Analysis of cells targeted by Salmonella type III secretion in vivo.

作者信息

Geddes Kaoru, Cruz Frank, Heffron Fred

机构信息

Department of Microbiology and Immunology, Oregon Health and Science University, Portland, Oregon, United States of America.

出版信息

PLoS Pathog. 2007 Dec;3(12):e196. doi: 10.1371/journal.ppat.0030196.

Abstract

The type III secretion systems (TTSS) encoded in Salmonella pathogenicity island-1 and -2 (SPI-1 and -2) are virulence factors required for specific phases of Salmonella infection in animal hosts. However, the host cell types targeted by the TTSS have not been determined. To investigate this, we have constructed translational fusions between the beta-lactamase reporter and a broad array of TTSS effectors secreted via SPI-1, SPI-2, or both. Secretion of the fusion protein to a host cell was determined by cleavage of a specific fluorescent substrate. In cultured cells, secretion of all six effectors could be observed. However, two to four days following i.p. infection of mice, only effectors secreted by SPI-2 were detected in spleen cells. The cells targeted were identified via staining with nine different cell surface markers followed by FACS analysis as well as by conventional cytological methods.
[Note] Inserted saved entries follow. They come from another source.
lemma limsup_log_growth_nonneg:
  assumes "\<exists>\<^sub>F n in sequentially. a n \<noteq> 0"
  shows "0 \<le> limsup (log_growth a)"
proof (rule ccontr)
  assume "\<not> 0 \<le> limsup (log_growth a)"
  then have "\<forall>\<^sub>F n in sequentially. log_growth a n < 0"
    by (intro Limsup_lessD) simp
  then have "\<forall>\<^sub>F n in sequentially. a n = 0"
  proof eventually_elim
    case (elim n)
    show "a n = 0"
    proof (rule ccontr)
      assume "a n \<noteq> 0"
      then have "0 \<le> ln (real (a n)) / real n" by simp
      with elim \<open>a n \<noteq> 0\<close> show False by (simp add: log_growth_def)
    qed
  qed
  with assms show False by (simp add: frequently_def)
qed

context vector_space
begin

lemma finite_independent_card_le_dim:
  assumes "finite C" "T \<subseteq> span C" "independent B" "B \<subseteq> T"
  shows "finite B \<and> card B \<le> dim T"
proof -
  obtain D where D: "D \<subseteq> T" "independent D" "T \<subseteq> span D" "card D = dim T"
    using basis_exists by blast
  have "finite D" using independent_span_bound[OF assms(1) D(2)] D(1) assms(2) by blast
  then show ?thesis using independent_span_bound[of D B] assms(3,4) D by auto
qed

lemma dim_mono_finite_span:
  assumes "finite C" "T \<subseteq> span C" "S \<subseteq> T"
  shows "dim S \<le> dim T"
proof -
  obtain A where A: "A \<subseteq> S" "independent A" "card A = dim S"
    using basis_exists by metis
  then show ?thesis
    using finite_independent_card_le_dim[OF assms(1,2) A(2)] assms(3) by auto
qed

lemma finite_span_subspace:
  assumes "finite C" "T \<subseteq> span C" "subspace S" "S \<subseteq> T"
  obtains A where "finite A" "span A = S"
proof -
  obtain A where A: "A \<subseteq> S" "independent A" "S \<subseteq> span A"
    using maximal_independent_subset[of S] by blast
  have "span A = S" using A span_minimal[OF A(1) assms(3)] by blast
  then show ?thesis
    using that finite_independent_card_le_dim[OF assms(1,2) A(2)] A(1) assms(4) by blast
qed

lemma subspace_eq_if_dim_le:
  assumes "finite C" "T \<subseteq> span C" "subspace S" "S \<subseteq> T" "dim T \<le> dim S"
  shows "S = T"
proof (rule ccontr)
  assume "S \<noteq> T"
  then obtain x where x: "x \<in> T" "x \<notin> S" using assms(4) by blast
  obtain A where A: "A \<subseteq> S" "independent A" "S \<subseteq> span A" "card A = dim S"
    using basis_exists by blast
  have "x \<notin> span A" using x span_minimal[OF A(1) assms(3)] by blast
  then have "independent (insert x A)" using A(2) by (rule independent_insertI)
  moreover have "insert x A \<subseteq> T" using x(1) A(1) assms(4) by blast
  ultimately have "finite (insert x A) \<and> card (insert x A) \<le> dim T"
    by (rule finite_independent_card_le_dim[OF assms(1,2)])
  moreover have "x \<notin> A" using x A(1) by blast
  ultimately show False using A(4) assms(5) by (auto simp: card_insert_if)
qed

end

lemma
  assumes "filtration scale V"
  shows filtration_subspace: "module.subspace scale (V n)"
    and filtration_0: "V 0 = {0}"
    and filtration_Suc: "V n \<subseteq> V (Suc n)"
    and filtration_exhaustive: "\<exists>n. x \<in> V n"
    and filtration_mult: "x \<in> V n \<Longrightarrow> y \<in> V m \<Longrightarrow> x * y \<in> V (n + m)"
    and filtration_finite_quotient: "\<exists>B. finite B \<and> V (Suc n) \<subseteq> module.span scale (V n \<union> B)"
  using assms unfolding filtration_def by auto

lemma filtration_mono:
  assumes "filtration scale V" "m \<le> n"
  shows "V m \<subseteq> V n"
  using lift_Suc_mono_le[of V, OF filtration_Suc[OF assms(1)] assms(2)] .

lemma filtration_fin_dim:
  assumes vs: "vector_space scale" and V: "filtration scale V"
  shows "fin_dim scale (V n)"
proof (induction n)
  interpret vector_space scale by fact
  case 0
  show ?case
    unfolding fin_dim_def filtration_0[OF V] by (metis finite.emptyI span_empty)
next
  interpret vector_space scale by fact
  case (Suc n)
  obtain C where C: "finite C" "span C = V n" using Suc unfolding fin_dim_def by blast
  obtain B where B: "finite B" "V (Suc n) \<subseteq> span (V n \<union> B)"
    using filtration_finite_quotient[OF V] by blast
  have "span (V n \<union> B) = span (C \<union> B)"
    unfolding C(2)[symmetric] by (simp add: span_Un span_span)
  with B obtain A where "finite A" "span A = V (Suc n)"
    using finite_span_subspace[of "C \<union> B" "V (Suc n)" "V (Suc n)"] C(1) filtration_subspace[OF V]
    by auto
  then show ?case unfolding fin_dim_def by blast
qed

lemma filtration_rescale:
  assumes vs: "vector_space scale" and V: "filtration scale V" and "0 < k"
  shows "filtration scale (\<lambda>n. V (n * k))"
proof -
  interpret vector_space scale by fact
  have "\<exists>B. finite B \<and> V (Suc n * k) \<subseteq> span (V (n * k) \<union> B)" for n
  proof -
    obtain B where "finite B" "span B = V (Suc n * k)"
      using filtration_fin_dim[OF vs V] unfolding fin_dim_def by blast
    then show ?thesis by (metis span_mono sup_ge2)
  qed
  moreover have "x \<in> (\<Union>n. V (n * k))" for x
  proof -
    obtain m where "x \<in> V m" using filtration_exhaustive[OF V] by blast
    then have "x \<in> V (m * k)" using filtration_mono[OF V, of m "m * k"] \<open>0 < k\<close> by auto
    then show ?thesis by blast
  qed
  moreover have "x * y \<in> V ((n + m) * k)" if "x \<in> V (n * k)" "y \<in> V (m * k)" for x y n m
    using filtration_mult[OF V that] by (simp add: add_mult_distrib)
  moreover have "V (n * k) \<subseteq> V (Suc n * k)" for n
    using filtration_mono[OF V] by simp
  ultimately show ?thesis
    unfolding filtration_def using filtration_subspace[OF V] filtration_0[OF V] by auto
qed

(* Without xs \<noteq> [] this fails: the empty product 1 need not lie in V 0 = {0}. *)
lemma filtration_prod_list_mem:
  assumes V: "filtration scale V"
  shows "xs \<noteq> [] \<Longrightarrow> set xs \<subseteq> V m \<Longrightarrow> prod_list xs \<in> V (length xs * m)"
proof (induction xs)
  case (Cons x xs)
  show ?case
  proof (cases "xs = []")
    case False
    with Cons have "x \<in> V m" "prod_list xs \<in> V (length xs * m)" by simp_all
    then show ?thesis using filtration_mult[OF V] by fastforce
  qed (use Cons in simp)
qed simp

lemma subspace_pow_subset_filtration:
  assumes "vector_space scale" and V: "filtration scale V" and "0 < k" "U \<subseteq> V m"
  shows "subspace_pow scale U k \<subseteq> V (k * m)"
proof -
  interpret vector_space scale by fact
  have "prod_list xs \<in> V (k * m)" if "length xs = k" "set xs \<subseteq> U" for xs
    using filtration_prod_list_mem[OF V, of xs m] that assms(3,4) by auto
  then show ?thesis
    unfolding subspace_pow_def by (intro span_minimal filtration_subspace[OF V]) auto
qed

lemma fin_dim_subset_filtration:
  assumes "vector_space scale" and V: "filtration scale V" and "fin_dim scale U"
  obtains m where "0 < m" "U \<subseteq> V m"
proof -
  interpret vector_space scale by fact
  obtain C where C: "finite C" "span C = U" using assms(3) unfolding fin_dim_def by blast
  have "\<exists>m. C \<subseteq> V m"
    using C(1)
  proof (induction rule: finite_induct)
    case (insert c C)
    then obtain m where "C \<subseteq> V m" by blast
    moreover obtain m' where "c \<in> V m'" using filtration_exhaustive[OF V] by blast
    ultimately have "insert c C \<subseteq> V (max m m')"
      using filtration_mono[OF V, of m "max m m'"] filtration_mono[OF V, of m' "max m m'"]
      by auto
    then show ?case by blast
  qed simp
  then obtain m where "C \<subseteq> V m" by blast
  then have "C \<subseteq> V (Suc m)" using filtration_mono[OF V, of m "Suc m"] by simp
  then have "U \<subseteq> V (Suc m)"
    unfolding C(2)[symmetric] by (intro span_minimal filtration_subspace[OF V])
  then show ?thesis using that by blast
qed

lemma dim_filtration_eq_sum_quot_dim:
  assumes vs: "vector_space scale" and V: "filtration scale V"
  shows "vector_space.dim scale (V n) = (\<Sum>i\<le>n. quot_dim scale V i)"
proof (induction n)
  interpret vector_space scale by fact
  case 0
  show ?case
    by (simp add: quot_dim_def filtration_0[OF V] dim_eq_card_independent independent_empty
        flip: span_empty)
next
  interpret vector_space scale by fact
  case (Suc n)
  obtain C where "finite C" "span C = V (Suc n)"
    using filtration_fin_dim[OF vs V] unfolding fin_dim_def by blast
  then have "dim (V n) \<le> dim (V (Suc n))"
    using dim_mono_finite_span[of C "V (Suc n)" "V n"] filtration_Suc[OF V] by simp
  with Suc show ?case by (simp add: quot_dim_def)
qed

lemma frequently_quot_dim_nonzero:
  assumes vs: "vector_space scale" and W: "filtration scale W"
    and infinite_dim: "\<not> fin_dim scale UNIV"
  shows "\<exists>\<^sub>F n in sequentially. quot_dim scale W n \<noteq> 0"
proof (rule ccontr)
  interpret vector_space scale by fact
  assume "\<not> ?thesis"
  then obtain N where N: "\<And>n. n \<ge> N \<Longrightarrow> quot_dim scale W n = 0"
    by (auto simp: not_frequently eventually_sequentially)
  have stable: "W n = W N" if "n \<ge> N" for n
    using that
  proof (induction n rule: dec_induct)
    case (step n)
    obtain C where "finite C" "span C = W (Suc n)"
      using filtration_fin_dim[OF vs W] unfolding fin_dim_def by blast
    moreover have "dim (W (Suc n)) \<le> dim (W n)"
      using N[of "Suc n"] \<open>N \<le> n\<close> by (simp add: quot_dim_def)
    ultimately have "W n = W (Suc n)"
      using subspace_eq_if_dim_le[of C "W (Suc n)" "W n"] filtration_subspace[OF W] filtration_Suc[OF W]
      by simp
    with step show ?case by simp
  qed simp
  have "x \<in> W N" for x
  proof -
    obtain m where "x \<in> W m" using filtration_exhaustive[OF W] by blast
    then have "x \<in> W (max m N)" using filtration_mono[OF W, of m "max m N"] by auto
    then show ?thesis using stable[of "max m N"] by simp
  qed
  then have "W N = UNIV" by blast
  with filtration_fin_dim[OF vs W, of N] infinite_dim show False by simp
qed

lemma h_alg_eq_0_if_subset_rescaled:
  assumes vs: "vector_space scale" and V: "filtration scale V" and h0: "h_alg scale V = 0"
    and W: "filtration scale W" and "0 < k" and sub: "\<And>n. W n \<subseteq> V (n * k)"
  shows "h_alg scale W = 0"
proof (cases "fin_dim scale UNIV")
  case True
  then show ?thesis by (simp add: h_alg_def)
next
  case False
  interpret vector_space scale by fact
  have "subexponential (\<lambda>n. real (quot_dim scale V n))"
    using h0 False limsup_log_growth_le_0_iff[of "quot_dim scale V"] by (simp add: h_alg_eq)
  then have "subexponential (\<lambda>n. real (dim (V n)))"
    using subexponential_partial_sums
    by (simp add: dim_filtration_eq_sum_quot_dim[OF vs V])
  then have "subexponential (\<lambda>n. real (dim (V (n * k))))"
    using \<open>0 < k\<close> by (rule subexponential_comp_mult)
  moreover have "real (quot_dim scale W n) \<le> real (dim (V (n * k)))" for n
  proof -
    obtain C where "finite C" "span C = V (n * k)"
      using filtration_fin_dim[OF vs V] unfolding fin_dim_def by blast
    then have "dim (W n) \<le> dim (V (n * k))"
      using dim_mono_finite_span[of C "V (n * k)" "W n"] sub[of n] by simp
    then show ?thesis by (simp add: quot_dim_def)
  qed
  ultimately have "subexponential (\<lambda>n. real (quot_dim scale W n))"
    by (rule subexponential_mono)
  then have "limsup (log_growth (quot_dim scale W)) \<le> 0"
    by (simp add: limsup_log_growth_le_0_iff)
  moreover have "0 \<le> limsup (log_growth (quot_dim scale W))"
    by (rule limsup_log_growth_nonneg[OF frequently_quot_dim_nonzero[OF vs W False]])
  ultimately show ?thesis using False by (simp add: h_alg_eq)
qed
The targeted cells include B and T lymphocytes, neutrophils, monocytes, and dendritic cells, but not mature macrophages. To further investigate replication in these various cell types, Salmonella derivatives were constructed that express a red fluorescent protein. Bacteria could be seen in each of the cell types above; however, most viable bacteria were present in neutrophils. We find that Salmonella is capable of targeting most phagocytic and non-phagocytic cells in the spleen but has a surprisingly high preference for neutrophils. These findings suggest that Salmonella specifically target splenic neutrophils presumably to attenuate their microbicidal functions, thereby promoting intracellular survival and replication in the mouse.

摘要

沙门氏菌致病岛1和致病岛2(SPI-1和SPI-2)中编码的III型分泌系统(TTSS)是动物宿主中沙门氏菌感染特定阶段所需的毒力因子。然而,TTSS靶向的宿主细胞类型尚未确定。为了对此进行研究,我们构建了β-内酰胺酶报告基因与一系列通过SPI-1、SPI-2或两者分泌的TTSS效应蛋白之间的翻译融合体。融合蛋白向宿主细胞的分泌通过特定荧光底物的裂解来确定。在培养细胞中,可以观察到所有六种效应蛋白的分泌。然而,在小鼠腹腔注射感染后两到四天,仅在脾细胞中检测到由SPI-2分泌的效应蛋白。通过用九种不同的细胞表面标志物染色,随后进行荧光激活细胞分选(FACS)分析以及传统细胞学方法,确定了靶向的细胞。靶向的细胞包括B淋巴细胞、T淋巴细胞、中性粒细胞、单核细胞和树突状细胞,但不包括成熟巨噬细胞。为了进一步研究在这些不同细胞类型中的复制情况,构建了表达红色荧光蛋白的沙门氏菌衍生物。在上述每种细胞类型中都能看到细菌;然而,大多数存活细菌存在于中性粒细胞中。我们发现沙门氏菌能够靶向脾脏中的大多数吞噬细胞和非吞噬细胞,但对中性粒细胞有着惊人的高度偏好。这些发现表明,沙门氏菌特异性靶向脾脏中性粒细胞,大概是为了减弱它们的杀菌功能,从而促进在小鼠体内的细胞内存活和复制。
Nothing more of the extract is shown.